The BEI for each node within the SMA-Impulsivity network is shown in Figure 1B. Nodes I2 “motor impulsivity” (BEI = 0.31), SMA3 “mood modification” (BEI = 0.17), and SMA4 “relapse” (BEI = 0.12) all exhibited high BEI. Among them, I2 “motor impulsivity” was the most important bridge node. The CS coefficient of node BEI was 0.52, indicating that the estimations of node BEI had a good level of stability (see Supplementary Figure 3). Supplementary Figure 4 demonstrates the bootstrapped difference test for node BEI.
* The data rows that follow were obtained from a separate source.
lemma has_expansion_bigo:
  assumes x: "has_expansion x d \<xi>" and e: "e \<le> 2 powr - real \<xi>"
  shows "x \<in> O[at_right 0](\<lambda>l. l powr e)"
proof -
  define h where "h = 2 powr - real \<xi>"
  have "0 < h" by (simp add: h_def)
  then have "(\<lambda>l. l powr (2 * h)) \<in> O[at_right 0](\<lambda>l. l powr e)"
    using e unfolding h_def by (intro powr_bigo_powr_at_right_0) linarith
  with x have "(\<lambda>l. x l - d * l powr h) \<in> O[at_right 0](\<lambda>l. l powr e)"
    unfolding has_expansion_iff h_def[symmetric] by (rule landau_o.big_trans)
  moreover have "(\<lambda>l. d * l powr h) \<in> O[at_right 0](\<lambda>l. l powr e)"
    using powr_bigo_powr_at_right_0[OF e] by (simp add: h_def)
  ultimately have "(\<lambda>l. (x l - d * l powr h) + d * l powr h) \<in> O[at_right 0](\<lambda>l. l powr e)"
    by (rule sum_in_bigo(1))
  then show ?thesis by simp
qed

lemma above_if_sig_neq:
  assumes "sig s p \<noteq> p"
  shows "above sig (sig s p) p"
proof -
  have "(sig s p, p) \<in> edges sig"
    unfolding edges_def using assms by blast
  then show ?thesis
    unfolding above_def below_def using assms by (simp add: r_into_rtrancl)
qed

lemma xi_le_Xi:
  fixes sig :: "'s \<Rightarrow> 'c::finite \<Rightarrow> 'c"
  shows "sig s p \<noteq> p \<Longrightarrow> \<xi> (sig s p) \<le> Xi sig \<xi> p"
  unfolding Xi_def Sig_star_def Sig_img_def by (intro Max_ge imageI) (simp_all, blast)

lemma sig_in_Qset_iff: "sig s p \<in> Qset sig \<xi> p \<longleftrightarrow> sig s p \<noteq> p \<and> \<xi> (sig s p) = Xi sig \<xi> p"
  unfolding Qset_def Sig_star_def Sig_img_def by auto

lemma hyp_H_neighbour:
  "hyp_H sig p x d \<xi> \<Longrightarrow> sig s p \<noteq> p \<Longrightarrow> has_expansion (x (sig s p)) (d (sig s p)) (\<xi> (sig s p))"
  unfolding hyp_H_def by (simp add: above_if_sig_neq)

lemma norm1_cell_input_bigo:
  fixes sig :: "'s::finite \<Rightarrow> 'c::finite \<Rightarrow> 'c"
  assumes H: "hyp_H sig p x d \<xi>"
  shows "(\<lambda>l. norm1 (cell_input sig x p l 0)) \<in> O[at_right 0](\<lambda>l. l powr (2 powr - real (Xi sig \<xi> p)))"
proof -
  let ?h = "2 powr - real (Xi sig \<xi> p)"
  have "(\<lambda>l. \<bar>l\<bar>) \<in> O[at_right 0](\<lambda>l. l powr ?h)"
    using id_bigo_powr_at_right_0 two_powr_neg_nat_le(1)[of 0 "Xi sig \<xi> p"] by simp
  moreover have "(\<lambda>l. \<bar>x (sig t p) l\<bar>) \<in> O[at_right 0](\<lambda>l. l powr ?h)" if "t \<in> - Lp sig p" for t
  proof -
    have "x (sig t p) \<in> O[at_right 0](\<lambda>l. l powr ?h)"
      using that by (intro has_expansion_bigo[OF hyp_H_neighbour[OF H]] two_powr_neg_nat_le xi_le_Xi)
        (auto simp: Lp_def)
    then show ?thesis by simp
  qed
  ultimately have "(\<lambda>l. \<bar>l\<bar> + (\<Sum>t\<in>- Lp sig p. \<bar>x (sig t p) l\<bar>)) \<in> O[at_right 0](\<lambda>l. l powr ?h)"
    by (rule sum_in_bigo(1)[OF _ big_sum_in_bigo])
  then show ?thesis by (simp only: norm1_cell_input)
qed

definition leading_drive :: "('s::finite \<Rightarrow> 'c \<Rightarrow> 'c) \<Rightarrow> (real^'s \<Rightarrow> real \<Rightarrow> real) \<Rightarrow> ('c \<Rightarrow> real)
    \<Rightarrow> ('c \<Rightarrow> nat) \<Rightarrow> 'c \<Rightarrow> real" where
  "leading_drive sig f d \<xi> p = (\<Sum>t\<in>{t. sig t p \<in> Qset sig \<xi> p}. acoef f t * d (sig t p))
     + (if Xi sig \<xi> p = 0 then lcoef f else 0)"

lemma neighbour_deviation_bigo:
  fixes sig :: "'s::finite \<Rightarrow> 'c::finite \<Rightarrow> 'c"
  assumes H: "hyp_H sig p x d \<xi>" and t: "sig t p \<noteq> p"
  defines "h \<equiv> 2 powr - real (Xi sig \<xi> p)"
  shows "(\<lambda>l. x (sig t p) l - (if sig t p \<in> Qset sig \<xi> p then d (sig t p) * l powr h else 0))
           \<in> O[at_right 0](\<lambda>l. l powr (2 * h))"
proof (cases "sig t p \<in> Qset sig \<xi> p")
  case True
  then show ?thesis
    using hyp_H_neighbour[OF H t] unfolding has_expansion_iff h_def
    by (simp add: sig_in_Qset_iff)
next
  case False
  with t have "\<xi> (sig t p) < Xi sig \<xi> p"
    using xi_le_Xi[of sig t p \<xi>] by (auto simp: sig_in_Qset_iff)
  then have "x (sig t p) \<in> O[at_right 0](\<lambda>l. l powr (2 * h))"
    unfolding h_def by (intro has_expansion_bigo[OF hyp_H_neighbour[OF H t]] two_powr_neg_nat_le)
  then show ?thesis
    using False by simp
qed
The problematic smartphone use-impulsivity network
The PSU-Impulsivity network is shown in Figure 2A. This network featured several important characteristics. First, of the five strongest edges in the network, four were between PSU components, namely the edges between PSU4 “tolerance” and PSU6 “relapse” (weight = 0.47), between PSU1 “salience” and PSU3 “mood modification” (weight = 0.34), between PSU5 “withdrawal” and PSU6 “relapse” (weight = 0.28), and between PSU3 “mood modification” and PSU4 “tolerance” (weight = 0.24); the fifth, strongest edge was between I1 “non-planning impulsivity” and I3 “attentional impulsivity” (weight = 0.66). Second, there were some connections between impulsivity and PSU. I2 “motor impulsivity” had more connections with PSU than I1 “non-planning impulsivity” and I3 “attentional impulsivity.” I2 “motor impulsivity” was positively associated with four PSU components: PSU2 “conflict” (weight = 0.19), PSU4 “tolerance” (weight = 0.04), PSU5 “withdrawal” (weight = 0.1), and PSU6 “relapse” (weight = 0.09). In addition, the edges of I2 “motor impulsivity”-PSU2 “conflict” and I2 “motor impulsivity”-PSU5 “withdrawal” had larger intensity than any other edges between impulsivity and PSU. Third, all edges were positive except the edges between PSU3 “mood modification” and I3 “attentional impulsivity” (weight = −0.07) and between PSU1 “salience” and I3 “attentional impulsivity” (weight = −0.04). All edge weights within the PSU-Impulsivity network can be found in Supplementary Table 2. The bootstrapped 95% confidence interval indicates that the accuracy of edge weights was relatively reliable (see Supplementary Figure 5). Supplementary Figure 6 illustrates the bootstrapped difference test for edge weights.
The BEI for each node within the PSU-Impulsivity network is shown in Figure 2B. Nodes I2 “motor impulsivity” (BEI = 0.42), PSU2 “conflict” (BEI = 0.22), PSU5 “withdrawal” (BEI = 0.19), and PSU6 “relapse” (BEI = 0.15) all exhibited a high magnitude of BEI. I2 “motor impulsivity” was the most important bridge node among them. The CS coefficient of node BEI was 0.67, indicating that the node bridge centrality estimations were adequately stable (see Supplementary Figure 7). Supplementary Figure 8 shows the bootstrapped difference test for node BEI.
Discussion
Based on network analysis of the relationships between Internet-related addiction and impulsivity, the current study not only revealed the strongest edges within each community, but also showed that the dimensions of impulsivity were correlated with the components of SMA and PSU. Moreover, this study also identified the nodes with high BEI among the SMA-Impulsivity network and PSU-Impulsivity network. To the best of our knowledge, this is the first study to utilize network analysis to investigate the relationships between impulsivity and Internet-related addiction (i.e., SMA and PSU).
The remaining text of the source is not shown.